[Records from a data source]
☆ ☆ ☆ ☆ ☆ ☆ ☆

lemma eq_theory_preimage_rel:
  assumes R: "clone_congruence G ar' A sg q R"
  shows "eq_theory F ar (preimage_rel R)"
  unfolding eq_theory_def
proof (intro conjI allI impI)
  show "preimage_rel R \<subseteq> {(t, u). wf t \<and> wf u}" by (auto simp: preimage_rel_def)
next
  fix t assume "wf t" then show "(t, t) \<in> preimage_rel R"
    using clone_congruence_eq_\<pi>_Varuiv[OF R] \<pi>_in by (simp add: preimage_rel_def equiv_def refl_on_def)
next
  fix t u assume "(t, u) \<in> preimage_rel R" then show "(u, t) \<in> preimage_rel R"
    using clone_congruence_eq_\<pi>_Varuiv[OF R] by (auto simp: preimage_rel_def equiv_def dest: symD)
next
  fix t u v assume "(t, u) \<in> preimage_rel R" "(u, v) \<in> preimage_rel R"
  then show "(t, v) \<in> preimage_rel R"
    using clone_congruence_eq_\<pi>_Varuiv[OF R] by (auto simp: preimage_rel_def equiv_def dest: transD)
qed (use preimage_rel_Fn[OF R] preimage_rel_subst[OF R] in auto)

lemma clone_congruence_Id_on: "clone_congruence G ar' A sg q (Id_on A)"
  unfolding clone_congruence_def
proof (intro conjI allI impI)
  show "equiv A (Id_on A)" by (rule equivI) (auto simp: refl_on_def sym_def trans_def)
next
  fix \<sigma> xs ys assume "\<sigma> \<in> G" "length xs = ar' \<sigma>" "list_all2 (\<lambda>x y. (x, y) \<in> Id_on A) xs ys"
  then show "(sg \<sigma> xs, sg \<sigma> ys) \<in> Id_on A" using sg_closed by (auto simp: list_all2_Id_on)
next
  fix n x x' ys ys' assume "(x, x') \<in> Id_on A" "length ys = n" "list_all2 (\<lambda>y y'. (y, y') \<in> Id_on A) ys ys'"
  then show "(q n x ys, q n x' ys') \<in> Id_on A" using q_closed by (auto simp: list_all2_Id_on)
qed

☆ ☆ ☆ ☆ ☆ ☆ ☆

Tally up the lines of the data above where the string "simp" appears, and give only the count.

7